From 1994 to 1999 Ziskin was president of Fox 2000, the division of the 20th Century Fox studio that produced acclaimed war dramas including Courage Under Fire and The Thin Red Line.

She went on to have a production deal at Sony Pictures, where she worked with director Sam Raimi on his hugely successful Spider-Man trilogy.

Broadcaster Katie Couric, who co-founded Stand Up to Cancer with Ziskin in 2008, described her as "one of the most courageous people I've ever known".

She is survived by her screenwriter husband, Alvin Sargent, and a daughter from a previous marriage.

El Loro

Peter Falk has died at age 83, reports KTLA in Los Angeles and Variety. The beloved Columbo star died at his home in Beverly Hills last night.
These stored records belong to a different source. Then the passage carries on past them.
lemma sum_generator_apply_eq_0:
  assumes "\<And>y. (\<Sum>x\<in>UNIV. Q x y) = 0"
  shows "(\<Sum>x\<in>UNIV. generator_apply Q p x) = 0"
proof -
  have "(\<Sum>x\<in>UNIV. generator_apply Q p x) = (\<Sum>y\<in>UNIV. (\<Sum>x\<in>UNIV. Q x y) * p y)"
    unfolding generator_apply_def by (subst sum.swap) (simp add: sum_distrib_right)
  with assms show ?thesis by simp
qed

lemma sum_generator_apply_mult:
  assumes "\<And>y. (\<Sum>x\<in>UNIV. Q x y) = 0"
  shows "(\<Sum>x\<in>UNIV. generator_apply Q p x * L x) = offdiag_sum (\<lambda>x y. Q x y * p y * (L x - L y))"
proof -
  have col: "(\<Sum>x\<in>UNIV. Q x y * p y * L y) = 0" for y
    using assms by (simp add: sum_distrib_right[symmetric])
  have "(\<Sum>x\<in>UNIV. generator_apply Q p x * L x) = (\<Sum>x\<in>UNIV. \<Sum>y\<in>UNIV. Q x y * p y * L x)"
    by (simp add: generator_apply_def sum_distrib_right)
  also have "\<dots> = (\<Sum>x\<in>UNIV. \<Sum>y\<in>UNIV. Q x y * p y * (L x - L y))"
    by (subst (1 2) sum.swap) (simp add: right_diff_distrib sum_subtractf col)
  also have "\<dots> = offdiag_sum (\<lambda>x y. Q x y * p y * (L x - L y))"
    unfolding offdiag_sum_if by (intro sum.cong refl) auto
  finally show ?thesis .
qed

lemma sum_reverse_generator_apply_div:
  assumes "\<And>x. q x \<noteq> 0"
  shows "(\<Sum>x\<in>UNIV. p x * reverse_generator_apply Q s q x / q x)
    = offdiag_sum (\<lambda>x y. p y / q y * q x * Q x y * s x y) - offdiag_sum (\<lambda>x y. p x * Q x y * s x y)"
proof -
  have "p x * reverse_generator_apply Q s q x / q x
    = (\<Sum>y\<in>UNIV - {x}. p x / q x * q y * Q y x * s y x - p x * Q x y * s x y)" for x
  proof -
    have "p x * reverse_generator_apply Q s q x / q x
      = p x / q x * (\<Sum>y\<in>UNIV - {x}. q y * (Q y x * s y x)) - p x * (\<Sum>y\<in>UNIV - {x}. Q x y * s x y)"
      using assms[of x] by (simp add: reverse_generator_apply_def field_simps)
    then show ?thesis
      by (simp add: sum_distrib_left sum_subtractf mult.assoc)
  qed
  then have "(\<Sum>x\<in>UNIV. p x * reverse_generator_apply Q s q x / q x)
    = offdiag_sum (\<lambda>x y. p x / q x * q y * Q y x * s y x) - offdiag_sum (\<lambda>x y. p x * Q x y * s x y)"
    by (simp add: offdiag_sum_def sum_subtractf)
  then show ?thesis
    using offdiag_sum_swap[of "\<lambda>x y. p y / q y * q x * Q x y * s x y"] by simp
qed

lemma lfun_pair_identity:
  assumes "px > 0" "py > 0" "qx > 0" "qy > 0" "\<sigma> > 0"
  shows "py * (ln (px / qx) - ln (py / qy)) + py / qy * qx * \<sigma> - px * \<sigma> + px * lfun (py / px) \<sigma>
    = py * (qx * \<sigma> / qy - 1 - ln (qx * \<sigma> / qy))"
  using assms by (simp add: lfun_def Kfun_def ln_div ln_mult field_simps)

lemma KL_dissipation_ge_neg_score_entropy:
  fixes Q :: "'x::finite \<Rightarrow> 'x \<Rightarrow> real" and p q :: "'x \<Rightarrow> real" and s :: "'x \<Rightarrow> 'x \<Rightarrow> real"
  assumes Q_offdiag: "\<And>x y. x \<noteq> y \<Longrightarrow> Q x y \<ge> 0"
    and Q_cols: "\<And>y. (\<Sum>x\<in>UNIV. Q x y) = 0"
    and p_pos: "\<And>x. p x > 0" and q_pos: "\<And>x. q x > 0"
    and s_pos: "\<And>x y. x \<noteq> y \<Longrightarrow> s x y > 0"
  shows "- (\<Sum>x\<in>UNIV. p x * (\<Sum>y\<in>UNIV - {x}. Q x y * lfun (p y / p x) (s x y)))
    \<le> (\<Sum>x\<in>UNIV. generator_apply Q p x * ln (p x / q x) + generator_apply Q p x
                   + p x * reverse_generator_apply Q s q x / q x)"
proof -
  define L where "L x = ln (p x / q x)" for x
  have "(\<Sum>x\<in>UNIV. generator_apply Q p x * L x + generator_apply Q p x
                   + p x * reverse_generator_apply Q s q x / q x)
      + (\<Sum>x\<in>UNIV. p x * (\<Sum>y\<in>UNIV - {x}. Q x y * lfun (p y / p x) (s x y)))
    = offdiag_sum (\<lambda>x y. Q x y * p y * (L x - L y)) + 0
      + (offdiag_sum (\<lambda>x y. p y / q y * q x * Q x y * s x y) - offdiag_sum (\<lambda>x y. p x * Q x y * s x y))
      + offdiag_sum (\<lambda>x y. p x * (Q x y * lfun (p y / p x) (s x y)))"
    using q_pos
    by (simp add: sum.distrib sum_generator_apply_eq_0 sum_generator_apply_mult sum_reverse_generator_apply_div
        Q_cols less_imp_neq[symmetric] offdiag_sum_def sum_distrib_left)
  also have "\<dots> = offdiag_sum (\<lambda>x y. Q x y * (p y * (L x - L y) + p y / q y * q x * s x y
                                   - p x * s x y + p x * lfun (p y / p x) (s x y)))"
    by (simp add: offdiag_sum_add[symmetric] offdiag_sum_diff[symmetric] algebra_simps)
  also have "\<dots> \<ge> 0"
  proof (rule offdiag_sum_nonneg)
    fix x y :: 'x
    assume "x \<noteq> y"
    define u where "u = q x * s x y / q y"
    have "u > 0"
      using q_pos s_pos[OF \<open>x \<noteq> y\<close>] by (simp add: u_def)
    then have "0 \<le> Q x y * (p y * (u - 1 - ln u))"
      using Q_offdiag[OF \<open>x \<noteq> y\<close>] p_pos[of y] ln_le_minus_one[of u]
      by (intro mult_nonneg_nonneg) auto
    also have "p y * (u - 1 - ln u) = p y * (L x - L y) + p y / q y * q x * s x y
                                   - p x * s x y + p x * lfun (p y / p x) (s x y)"
      unfolding u_def L_def
      by (rule lfun_pair_identity[symmetric]) (use p_pos q_pos s_pos[OF \<open>x \<noteq> y\<close>] in auto)
    finally show "0 \<le> Q x y * (p y * (L x - L y) + p y / q y * q x * s x y
                                   - p x * s x y + p x * lfun (p y / p x) (s x y))" .
  qed
  finally show ?thesis unfolding L_def by linarith
qed
lemma eventually_sum_one_minus_exp_pos:
  fixes a w :: "'i \<Rightarrow> real \<Rightarrow> real" and D :: "'i \<Rightarrow> real"
  assumes "finite I"
    and a_cont: "\<And>j. j \<in> I \<Longrightarrow> isCont (a j) 0"
    and w_deriv: "\<And>j. j \<in> I \<Longrightarrow> (w j has_field_derivative D j) (at 0)"
    and w_0: "\<And>j. j \<in> I \<Longrightarrow> w j 0 = 0"
    and pos: "(\<Sum>j\<in>I. a j 0 * D j) > 0"
  shows "\<forall>\<^sub>F (c, t) in nhds (0, 0). 0 < c * t \<longrightarrow>
           (\<Sum>j\<in>I. a j c * (1 - exp (- (c * w j t)))) > 0"
proof -
  \<comment> \<open>For c t \<noteq> 0 the sum equals c t G(c, t), and G is continuous at the origin.\<close>
  define E where "E x = (if x = 0 then 1 else (1 - exp (- x)) / x)" for x :: real
  define slope where "slope j t = (if t = 0 then D j else w j t / t)" for j t
  define G where "G c t = (\<Sum>j\<in>I. a j c * E (c * w j t) * slope j t)" for c t
  have isCont_E: "isCont E 0"
    unfolding E_def[abs_def] by (rule isCont_one_minus_exp_neg_quotient)
  have isCont_slope: "isCont (slope j) 0" if "j \<in> I" for j
    unfolding slope_def[abs_def] using w_deriv[OF that] w_0[OF that] by (rule isCont_difference_quotient)
  have fst: "((\<lambda>x::real \<times> real. fst x) \<longlongrightarrow> 0) (nhds (0::real, 0::real))"
   and snd: "((\<lambda>x::real \<times> real. snd x) \<longlongrightarrow> 0) (nhds (0::real, 0::real))"
    using tendsto_fst[OF filterlim_ident, of "(0, 0)"] tendsto_snd[OF filterlim_ident, of "(0, 0)"]
    by simp_all
  have "((\<lambda>x. G (fst x) (snd x)) \<longlongrightarrow> G 0 0) (nhds (0::real, 0::real))"
    unfolding G_def
  proof (intro tendsto_sum tendsto_mult)
    fix j assume "j \<in> I"
    show "((\<lambda>x. a j (fst x)) \<longlongrightarrow> a j 0) (nhds (0::real, 0::real))"
      using a_cont[OF \<open>j \<in> I\<close>] fst by (rule isCont_tendsto_compose)
    show "((\<lambda>x. slope j (snd x)) \<longlongrightarrow> slope j 0) (nhds (0::real, 0::real))"
      using isCont_slope[OF \<open>j \<in> I\<close>] snd by (rule isCont_tendsto_compose)
    have "((\<lambda>x. w j (snd x)) \<longlongrightarrow> w j 0) (nhds (0::real, 0::real))"
      using DERIV_isCont[OF w_deriv[OF \<open>j \<in> I\<close>]] snd by (rule isCont_tendsto_compose)
    then have "((\<lambda>x. fst x * w j (snd x)) \<longlongrightarrow> 0) (nhds (0::real, 0::real))"
      using tendsto_mult[OF fst] by fastforce
    with isCont_E have "((\<lambda>x. E (fst x * w j (snd x))) \<longlongrightarrow> E 0) (nhds (0::real, 0::real))"
      by (rule isCont_tendsto_compose)
    then show "((\<lambda>x. E (fst x * w j (snd x))) \<longlongrightarrow> E (0 * w j 0)) (nhds (0::real, 0::real))"
      by simp
  qed
  moreover have "G 0 0 > 0"
    using pos w_0 by (simp add: G_def E_def slope_def)
  ultimately have "\<forall>\<^sub>F (c, t) in nhds (0, 0). G c t > 0"
    using order_tendstoD(1) by (fastforce simp: case_prod_beta')
  then show ?thesis
  proof (rule eventually_mono, clarify)
    fix c t :: real
    assume "G c t > 0" and "0 < c * t"
    then have "c \<noteq> 0" "t \<noteq> 0"
      by auto
    have "1 - exp (- (c * w j t)) = c * t * (E (c * w j t) * slope j t)" for j
      using \<open>c \<noteq> 0\<close> \<open>t \<noteq> 0\<close> by (cases "w j t = 0") (simp_all add: E_def slope_def)
    then have "(\<Sum>j\<in>I. a j c * (1 - exp (- (c * w j t)))) = c * t * G c t"
      by (simp add: G_def sum_distrib_left mult_ac)
    with \<open>G c t > 0\<close> \<open>0 < c * t\<close> show "(\<Sum>j\<in>I. a j c * (1 - exp (- (c * w j t)))) > 0"
      by simp
  qed
qed

lemma sam_perturbation_decreases_rel_partition:
  fixes z :: "real^'v" and y :: 'v
  defines "g \<equiv> softmax z - onehot y"
  assumes "softmax z $ y < 1"
  shows "\<forall>\<^sub>F (c, t) in nhds (0, 0). 0 < c * t \<longrightarrow>
           rel_partition (z - c *\<^sub>R (softmax (z + t *\<^sub>R g) - onehot y)) y
             < rel_partition (z - c *\<^sub>R g) y"
proof -
  define p where "p = softmax z"
  define m where "m = (\<Sum>l\<in>UNIV. p$l * g$l)"
  define a where "a j c = exp (z$j - z$y - c * (g$j - g$y))" for j c
  define w where "w j t = (softmax (z + t *\<^sub>R g) $ j - softmax (z + t *\<^sub>R g) $ y) - (p$j - p$y)"
    for j t
  define D where "D j = p$j * (g$j - m) - p$y * (g$y - m)" for j
  have gap: "rel_partition (z - c *\<^sub>R g) y
        - rel_partition (z - c *\<^sub>R (softmax (z + t *\<^sub>R g) - onehot y)) y
      = (\<Sum>j\<in>UNIV. a j c * (1 - exp (- (c * w j t))))" for c t
  proof -
    have sam_logits: "z - c *\<^sub>R (softmax (z + t *\<^sub>R g) - onehot y)
        = (z - c *\<^sub>R g) - c *\<^sub>R (softmax (z + t *\<^sub>R g) - p)"
      by (simp add: g_def p_def algebra_simps)
    show ?thesis
      unfolding sam_logits rel_partition_diff[of "z - c *\<^sub>R g"]
      by (simp add: rel_partition_def a_def w_def algebra_simps sum_subtractf)
  qed
  have "(\<Sum>j\<in>UNIV. a j 0 * D j) = (\<Sum>j\<in>UNIV. p$j * D j) / p$y"
    using sum_pos[of UNIV "\<lambda>j. exp (z$j)"]
    by (simp add: a_def p_def softmax_def exp_diff flip: sum_divide_distrib)
  also have "\<dots> > 0"
    unfolding D_def m_def g_def p_def
    using softmax_curvature_pos[OF assms(2)] softmax_pos[of z y] by (rule divide_pos_pos)
  finally have "(\<Sum>j\<in>UNIV. a j 0 * D j) > 0" .
  moreover have "(w j has_field_derivative D j) (at 0)" for j
    unfolding w_def[abs_def] D_def m_def p_def
    by (auto intro!: derivative_eq_intros softmax_has_derivative_along_line)
  moreover have "isCont (a j) 0" for j
    unfolding a_def by (intro continuous_intros)
  moreover have "w j 0 = 0" for j
    by (simp add: w_def p_def)
  ultimately have "\<forall>\<^sub>F (c, t) in nhds (0, 0). 0 < c * t \<longrightarrow>
      (\<Sum>j\<in>UNIV. a j c * (1 - exp (- (c * w j t)))) > 0"
    by (intro eventually_sum_one_minus_exp_pos) auto
  then show ?thesis
    unfolding gap[symmetric] by simp
qed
The actor had been suffering from dementia and Alzheimer's disease, according to his daughter, Catherine Falk.

In 2009, a judge established a conservatorship for the ailing actor after a court battle between Catherine and wife of more than 30 years, Shera Falk.

Falk won four Emmys for his starring role in Columbo.

Peter Falk appeared in many films such as The Cheap Detective and The Princess Bride. He also appeared in Wim Wenders' Wings of Desire (1987) which was remade as City of Angels. His right eye was removed at the age of 3 due to cancer.